# Lingering Odor: Pipe vs Cigar



## Jack Straw (Nov 20, 2008)

Quick question: for those of you who smoke both pipes and cigars in your home, do cigars leave more of a lingering odor than pipes do?


----------



## IHT (Dec 27, 2003)

yes, by far. even if you've smoked a really strong latakia blend, the overwhelming stale cigar oder will stick around for a looooong time more than the pipe aroma. if you do it continually, you can really get that stale cigar smell entrenched into the house/car/garage/whatever...


----------



## commonsenseman (Apr 18, 2008)

YES. The pipe odor is gone by the next day, the cigar odor lasts at least a week.


----------



## Jack Straw (Nov 20, 2008)

Dammit. Thanks fellas.


----------



## Rascal (Jan 29, 2010)

On the few occasions I smoke a cigar in the man cave I find that 3 smokers candles burning for about 6 hours usually knocks most of it out. I don't know if that would work in one sitting. I have only done it over the course of 2 days.


----------



## GuitarDan (Nov 26, 2009)

A cigar gets me the evil eye from my wife or mother in-law for about a week.
A pipe only risks arched eyebrows for half a day.


----------



## Commander Quan (May 6, 2003)

Yeah there is way more tobacco to burn when you smoke a cigar, and that smell will stick around for a couple days. The pipe smell is usually gone in 24 hours.


----------



## Jack Straw (Nov 20, 2008)

And here with the girlfriend out of town for the weekend I thought I was gonna get away with something LOL.


----------



## Commander Quan (May 6, 2003)

It should be warm enough to crack open a window this weekend, that should help relieve some of the smell, and worse case scenario burn a couple bags of popcorn.


----------



## paracite (Jan 8, 2010)

I hear that darker cigars are more oily, so it would stick to the walls and infuse in the paint (not sure if it's true). But pipe smoke, I have smoked in the apartment a couple times and the smell does go away. Plus, pipe smoke sometimes is very pleasant so your partner/s would love you more! Haha. 

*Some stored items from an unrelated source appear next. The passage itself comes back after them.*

(* Let $N\in\mathbb{N}$, $a\ge 0$, $b>0$, and put $\alpha:=a+b-1$, $\beta:=b-1$. For $\kappa>0$ let $X_\kappa$ be an $\mathbb{R}^N$-valued random variable whose distribution $\mu_\kappa$ is the probability measure on the alcove $A:=\{x\in\mathbb{R}^N:\ -1\le x_1\le\dots\le x_N\le 1\}$ with Lebesgue density $$c_\kappa\prod_{1\le i<j\le N}(x_j-x_i)^{\kappa}\prod_{i=1}^N(1-x_i)^{\frac{\kappa(a+b)}{2}-\frac12}(1+x_i)^{\frac{\kappa b}{2}-\frac12},$$ where $c_\kappa>0$ is the normalizing constant. Let $z=(z_1,\dots,z_N)$ be the vector of the ordered zeros $z_1\le\dots\le z_N$ of the Jacobi polynomial $P_N^{(\alpha,\beta)}$; it lies in the interior of $A$. Then $X_\kappa\to z$ in probability as $\kappa\to\infty$.
   Context: For $\alpha,\beta>-1$, $(P_n^{(\alpha,\beta)})_{n\ge0}$ denote the classical Jacobi polynomials, i.e. the orthogonal polynomials on $]-1,1[$ with respect to the weight $(1-x)^\alpha(1+x)^\beta$; $P_N^{(\alpha,\beta)}$ has degree $N$ and $N$ simple zeros in $]-1,1[$. *)

theory Defs
  imports "HOL-Probability.Probability" "HOL-Computational_Algebra.Polynomial"
begin

text \<open>Classical Jacobi polynomial (Szego normalisation):
  P_n^(al,be)(x) = sum_{s=0}^n binom(n+al, n-s) binom(n+be, s) ((x-1)/2)^s ((x+1)/2)^(n-s).\<close>
definition jacobi_poly :: "nat \<Rightarrow> real \<Rightarrow> real \<Rightarrow> real poly" where
  "jacobi_poly n al be =
     (\<Sum>s\<le>n. smult (((real n + al) gchoose (n - s)) * ((real n + be) gchoose s))
                 ([:-1/2, 1/2:] ^ s * [:1/2, 1/2:] ^ (n - s)))"

text \<open>Lebesgue measure on R^N, points represented as functions on {..<N}.\<close>
abbreviation lborelN :: "nat \<Rightarrow> (nat \<Rightarrow> real) measure" where
  "lborelN N \<equiv> PiM {..<N} (\<lambda>_. lborel)"

definition alcove :: "nat \<Rightarrow> (nat \<Rightarrow> real) set" where
  "alcove N = {x. (\<forall>i<N. -1 \<le> x i \<and> x i \<le> 1) \<and> (\<forall>i j. i \<le> j \<and> j < N \<longrightarrow> x i \<le> x j)}"

definition jacobi_dens :: "nat \<Rightarrow> real \<Rightarrow> real \<Rightarrow> real \<Rightarrow> (nat \<Rightarrow> real) \<Rightarrow> real" where
  "jacobi_dens N a b \<kappa> x =
     indicator (alcove N) x *
     (\<Prod>j<N. \<Prod>i<j. (x j - x i) powr \<kappa>) *
     (\<Prod>i<N. (1 - x i) powr (\<kappa> * (a + b) / 2 - 1/2) * (1 + x i) powr (\<kappa> * b / 2 - 1/2))"

definition jacobi_norm :: "nat \<Rightarrow> real \<Rightarrow> real \<Rightarrow> real \<Rightarrow> real" where
  "jacobi_norm N a b \<kappa> = enn2real (\<integral>\<^sup>+ x. ennreal (jacobi_dens N a b \<kappa> x) \<partial>lborelN N)"

definition jacobi_ensemble :: "nat \<Rightarrow> real \<Rightarrow> real \<Rightarrow> real \<Rightarrow> (nat \<Rightarrow> real) measure" where
  "jacobi_ensemble N a b \<kappa> =
     density (lborelN N) (\<lambda>x. ennreal (jacobi_dens N a b \<kappa> x / jacobi_norm N a b \<kappa>))"

end

theory Submission
  imports Defs "HOL-Real_Asymp.Real_Asymp"
begin

text \<open>
  The Jacobi polynomial solves Jacobi's differential equation; evaluated at its simple zeros
  this gives Stieltjes' relations
    \<open>\<Sum>j\<noteq>k. 1 / (z\<^sub>k - z\<^sub>j) = p / (1 - z\<^sub>k) - q / (1 + z\<^sub>k)\<close>,  with \<open>p = (a + b) / 2\<close>, \<open>q = b / 2\<close>,
  i.e. \<open>z\<close> is a critical point of the concave logarithmic weight
    \<open>W x = (\<Sum>i<j. ln (x\<^sub>j - x\<^sub>i)) + (\<Sum>i. p ln (1 - x\<^sub>i) + q ln (1 + x\<^sub>i))\<close>.
  Writing \<open>W x - W z\<close> as a sum of logarithms of ratios and bounding each by \<open>ln u \<le> u - 1\<close>,
  sharpened by a quadratic term for the ratios \<open>(1 - x\<^sub>i) / (1 - z\<^sub>i)\<close>, the first-order terms
  cancel by Stieltjes' relations and \<open>W x \<le> W z - p/16 |x - z|\<^sup>2\<close>.

  On the open alcove the density of \<open>\<mu>\<^sub>\<kappa>\<close> is \<open>exp ((\<kappa> - 1) W)\<close> times that of \<open>\<mu>\<^sub>1\<close>. With
  \<open>D = p \<epsilon>\<^sup>2 / 16\<close>, the unnormalised mass of \<open>{|x - z| \<ge> \<epsilon>}\<close> is at most
  \<open>exp ((\<kappa> - 1) (W z - D))\<close> times a constant, while the normalising constant is at least
  \<open>exp ((\<kappa> - 1) (W z - D/2))\<close> times the \<open>\<mu>\<^sub>1\<close>-mass of a small cube around \<open>z\<close>, on which
  \<open>W \<ge> W z - D/2\<close> by continuity. The ratio decays like \<open>exp (- (\<kappa> - 1) D / 2)\<close>.
\<close>

section \<open>Jacobi's differential equation\<close>

definition jacobi_operator :: "nat \<Rightarrow> real \<Rightarrow> real \<Rightarrow> real poly \<Rightarrow> real poly" where
  "jacobi_operator n al be P =
     [:1, 0, -1:] * pderiv (pderiv P) + [:be - al, -(al + be + 2):] * pderiv P
     + smult (real n * (real n + al + be + 1)) P"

If you keep it in one room, with an exhaust fan, the smell might go away quick... Try the kitchen? And then cook very strong smelling food. That might help. If your girlfriend comes back and sees you in an apron and oven mittens (don't do it naked it does NOT work) taking out a casserole she might discount the cigar smell. Voila!


----------



## Jack Straw (Nov 20, 2008)

I smoke a pipe in the house probably 5 days a week with an exhaust fan and smoker's candle, the smell usually subsides to its baseline level after an hour or so. It's a good system.

Maybe I could get away with a petit corona. :lol:


----------



## RJpuffs (Jan 27, 2008)

Jack Straw said:


> I smoke a pipe in the house probably 5 days a week with an exhaust fan and smoker's candle, the smell usually subsides to its baseline level after an hour or so. It's a good system.
> 
> Maybe I could get away with a petit corona. :lol:


I don't know ... somehow cigar after-odors seem to get progressively worse over time, i.e. the room smells worse after each passing hour. Especially if the smoke has something to cling onto - furniture, drapes, pets, children, etc.


----------



## Jack Straw (Nov 20, 2008)

Man, I wish I had an office/study. Some day...


----------



## Arizona (Jul 19, 2007)

Yeah no comparison, the pipe smell is gone very quickly whereas a cigar can last for days at least. Same with the car. In any case enjoy your smoke and when she gets home ball-up and say "It's a man's world, get over it!"


----------



## DSturg369 (Apr 6, 2008)

IHT said:


> yes, by far


Totally agree!


----------



## Bryant (Mar 9, 2010)

I smoke outside except when it's freezing. Cigars smell like smoldering buffalo turds, cigarettes just stink but a pipe is inviting. Few complain about pipes and if they do just tell them to GTFO.


----------